++++ EXERCISE DATA ++++

lemma poly_q_poly_1_eq:
  assumes "N \<ge> 1"
  shows "poly (q_poly 1 N) z = poly (cis_quadratic (base_angle N)) 1 / of_nat (N + 1) * poly (q_bracket 1 N) z"
proof -
  have prod: "poly (cis_quadratic (base_angle N)) 1 * poly (q_bracket 1 N) 1 = of_nat (N + 1)"
    using poly_cis_quadratic_mult_q_bracket_1[OF assms, of 1] by simp
  have "poly (cis_quadratic (base_angle N)) 1 \<noteq> 0"
    using prod of_nat_neq_0[of N] by auto
  then have "poly (q_poly 1 N) z =
      poly (cis_quadratic (base_angle N)) 1 * poly (q_bracket 1 N) z /
      (poly (cis_quadratic (base_angle N)) 1 * poly (q_bracket 1 N) 1)"
    unfolding poly_q_poly_1 by simp
  then show ?thesis
    unfolding prod by simp
qed

lemma poly_q_poly_1_minus_one:
  assumes "N \<ge> 1"
  shows "poly (q_poly 1 N) (-1) =
    complex_of_real ((1 - cos (base_angle N)) / (1 + cos (base_angle N)))"
proof -
  have "complex_of_real (2 + 2 * cos (base_angle N)) * poly (q_bracket 1 N) (-1) = of_nat (N + 1)"
    using poly_cis_quadratic_mult_q_bracket_1[OF assms, of "-1"]
    unfolding poly_cis_quadratic_one_minus_one by simp
  moreover have "complex_of_real (2 + 2 * cos (base_angle N)) \<noteq> 0"
    using cos_base_angle_gt_minus_one[OF assms] by (simp only: of_real_eq_0_iff)
  ultimately have "poly (q_bracket 1 N) (-1) = of_nat (N + 1) / complex_of_real (2 + 2 * cos (base_angle N))"
    by (simp add: eq_divide_eq mult.commute)
  then have "poly (q_poly 1 N) (-1) = complex_of_real ((2 - 2 * cos (base_angle N)) / (2 + 2 * cos (base_angle N)))"
    unfolding poly_q_poly_1_eq[OF assms] poly_cis_quadratic_one_minus_one
    by (simp del: of_nat_Suc)
  also have "(2 - 2 * cos (base_angle N)) / (2 + 2 * cos (base_angle N)) =
      (1 - cos (base_angle N)) / (1 + cos (base_angle N))"
    by (simp add: divide_simps algebra_simps)
  finally show ?thesis .
qed

lemma poly_q_poly_1_eq_sum:
  assumes "N \<ge> 1"
  shows "poly (q_poly 1 N) z = complex_of_real (2 * tan (base_angle N / 2)) *
    (\<Sum>j=1..N. complex_of_real ((1 - real j / (real N + 1)) * sin (real j * base_angle N)) * z ^ (j - 1))"
proof -
  let ?\<theta> = "base_angle N"
  have sin_pos: "sin ?\<theta> > 0"
    using sin_base_angle_pos[OF assms] .
  have tan_sin: "2 - 2 * cos ?\<theta> = 2 * tan (?\<theta> / 2) * sin ?\<theta>"
    using one_minus_cos_eq_tan_half_mul_sin[of ?\<theta>] cos_base_angle_gt_minus_one[OF assms] by auto
  have coeff: "(2 - 2 * cos ?\<theta>) / real (N + 1) * (real (N - k) * chebyshev_U ?\<theta> k) =
      2 * tan (?\<theta> / 2) * ((1 - real (Suc k) / (real N + 1)) * sin (real (Suc k) * ?\<theta>))" if "k < N" for k
  proof -
    define S where "S = sin (real (Suc k) * ?\<theta>)"
    have "(2 - 2 * cos ?\<theta>) / real (N + 1) * (real (N - k) * chebyshev_U ?\<theta> k) =
        2 * tan (?\<theta> / 2) * (real (N - k) / real (N + 1) * S)"
      using sin_pos unfolding tan_sin chebyshev_U_def S_def[symmetric] by (simp add: field_simps)
    also have "real (N - k) / real (N + 1) = 1 - real (Suc k) / (real N + 1)"
      using that by (simp add: of_nat_diff field_simps)
    finally show ?thesis
      unfolding S_def .
  qed
  have "poly (q_poly 1 N) z =
      (\<Sum>k<N. complex_of_real ((2 - 2 * cos ?\<theta>) / real (N + 1) * (real (N - k) * chebyshev_U ?\<theta> k)) * z ^ k)"
    unfolding poly_q_poly_1_eq[OF assms] poly_q_bracket_1[OF assms] poly_cis_quadratic_one_minus_one
      sum_distrib_left
    by (intro sum.cong) (simp_all add: field_simps)
  also have "\<dots> = complex_of_real (2 * tan (?\<theta> / 2)) *
      (\<Sum>k<N. complex_of_real ((1 - real (Suc k) / (real N + 1)) * sin (real (Suc k) * ?\<theta>)) * z ^ k)"
    unfolding sum_distrib_left
    by (intro sum.cong refl) (simp only: lessThan_iff coeff of_real_mult mult.assoc)
  also have "(\<Sum>k<N. complex_of_real ((1 - real (Suc k) / (real N + 1)) * sin (real (Suc k) * ?\<theta>)) * z ^ k) =
      (\<Sum>j=1..N. complex_of_real ((1 - real j / (real N + 1)) * sin (real j * ?\<theta>)) * z ^ (j - 1))"
    by (simp add: sum.atLeast1_atMost_eq)
  finally show ?thesis .
qed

++++

◆ **EXERCISE**:
In full and without alteration, return the listing above.

◆ **RESPONSE BELOW**:
lemma poly_q_poly_1_eq:
  assumes "N \<ge> 1"
  shows "poly (q_poly 1 N) z = poly (cis_quadratic (base_angle N)) 1 / of_nat (N + 1) * poly (q_bracket 1 N) z"
proof -
  have prod: "poly (cis_quadratic (base_angle N)) 1 * poly (q_bracket 1 N) 1 = of_nat (N + 1)"
    using poly_cis_quadratic_mult_q_bracket_1[OF assms, of 1] by simp
  have "poly (cis_quadratic (base_angle N)) 1 \<noteq> 0"
    using prod of_nat_neq_0[of N] by auto
  then have "poly (q_poly 1 N) z =
      poly (cis_quadratic (base_angle N)) 1 * poly (q_bracket 1 N) z /
      (poly (cis_quadratic (base_angle N)) 1 * poly (q_bracket 1 N) 1)"
    unfolding poly_q_poly_1 by simp
  then show ?thesis
    unfolding prod by simp
qed

lemma poly_q_poly_1_minus_one:
  assumes "N \<ge> 1"
  shows "poly (q_poly 1 N) (-1) =
    complex_of_real ((1 - cos (base_angle N)) / (1 + cos (base_angle N)))"
proof -
  have "complex_of_real (2 + 2 * cos (base_angle N)) * poly (q_bracket 1 N) (-1) = of_nat (N + 1)"
    using poly_cis_quadratic_mult_q_bracket_1[OF assms, of "-1"]
    unfolding poly_cis_quadratic_one_minus_one by simp
  moreover have "complex_of_real (2 + 2 * cos (base_angle N)) \<noteq> 0"
    using cos_base_angle_gt_minus_one[OF assms] by (simp only: of_real_eq_0_iff)
  ultimately have "poly (q_bracket 1 N) (-1) = of_nat (N + 1) / complex_of_real (2 + 2 * cos (base_angle N))"
    by (simp add: eq_divide_eq mult.commute)
  then have "poly (q_poly 1 N) (-1) = complex_of_real ((2 - 2 * cos (base_angle N)) / (2 + 2 * cos (base_angle N)))"
    unfolding poly_q_poly_1_eq[OF assms] poly_cis_quadratic_one_minus_one
    by (simp del: of_nat_Suc)
  also have "(2 - 2 * cos (base_angle N)) / (2 + 2 * cos (base_angle N)) =
      (1 - cos (base_angle N)) / (1 + cos (base_angle N))"
    by (simp add: divide_simps algebra_simps)
  finally show ?thesis .
qed

lemma poly_q_poly_1_eq_sum:
  assumes "N \<ge> 1"
  shows "poly (q_poly 1 N) z = complex_of_real (2 * tan (base_angle N / 2)) *
    (\<Sum>j=1..N. complex_of_real ((1 - real j / (real N + 1)) * sin (real j * base_angle N)) * z ^ (j - 1))"
proof -
  let ?\<theta> = "base_angle N"
  have sin_pos: "sin ?\<theta> > 0"
    using sin_base_angle_pos[OF assms] .
  have tan_sin: "2 - 2 * cos ?\<theta> = 2 * tan (?\<theta> / 2) * sin ?\<theta>"
    using one_minus_cos_eq_tan_half_mul_sin[of ?\<theta>] cos_base_angle_gt_minus_one[OF assms] by auto
  have coeff: "(2 - 2 * cos ?\<theta>) / real (N + 1) * (real (N - k) * chebyshev_U ?\<theta> k) =
      2 * tan (?\<theta> / 2) * ((1 - real (Suc k) / (real N + 1)) * sin (real (Suc k) * ?\<theta>))" if "k < N" for k
  proof -
    define S where "S = sin (real (Suc k) * ?\<theta>)"
    have "(2 - 2 * cos ?\<theta>) / real (N + 1) * (real (N - k) * chebyshev_U ?\<theta> k) =
        2 * tan (?\<theta> / 2) * (real (N - k) / real (N + 1) * S)"
      using sin_pos unfolding tan_sin chebyshev_U_def S_def[symmetric] by (simp add: field_simps)
    also have "real (N - k) / real (N + 1) = 1 - real (Suc k) / (real N + 1)"
      using that by (simp add: of_nat_diff field_simps)
    finally show ?thesis
      unfolding S_def .
  qed
  have "poly (q_poly 1 N) z =
      (\<Sum>k<N. complex_of_real ((2 - 2 * cos ?\<theta>) / real (N + 1) * (real (N - k) * chebyshev_U ?\<theta> k)) * z ^ k)"
    unfolding poly_q_poly_1_eq[OF assms] poly_q_bracket_1[OF assms] poly_cis_quadratic_one_minus_one
      sum_distrib_left
    by (intro sum.cong) (simp_all add: field_simps)
  also have "\<dots> = complex_of_real (2 * tan (?\<theta> / 2)) *
      (\<Sum>k<N. complex_of_real ((1 - real (Suc k) / (real N + 1)) * sin (real (Suc k) * ?\<theta>)) * z ^ k)"
    unfolding sum_distrib_left
    by (intro sum.cong refl) (simp only: lessThan_iff coeff of_real_mult mult.assoc)
  also have "(\<Sum>k<N. complex_of_real ((1 - real (Suc k) / (real N + 1)) * sin (real (Suc k) * ?\<theta>)) * z ^ k) =
      (\<Sum>j=1..N. complex_of_real ((1 - real j / (real N + 1)) * sin (real j * ?\<theta>)) * z ^ (j - 1))"
    by (simp add: sum.atLeast1_atMost_eq)
  finally show ?thesis .
qed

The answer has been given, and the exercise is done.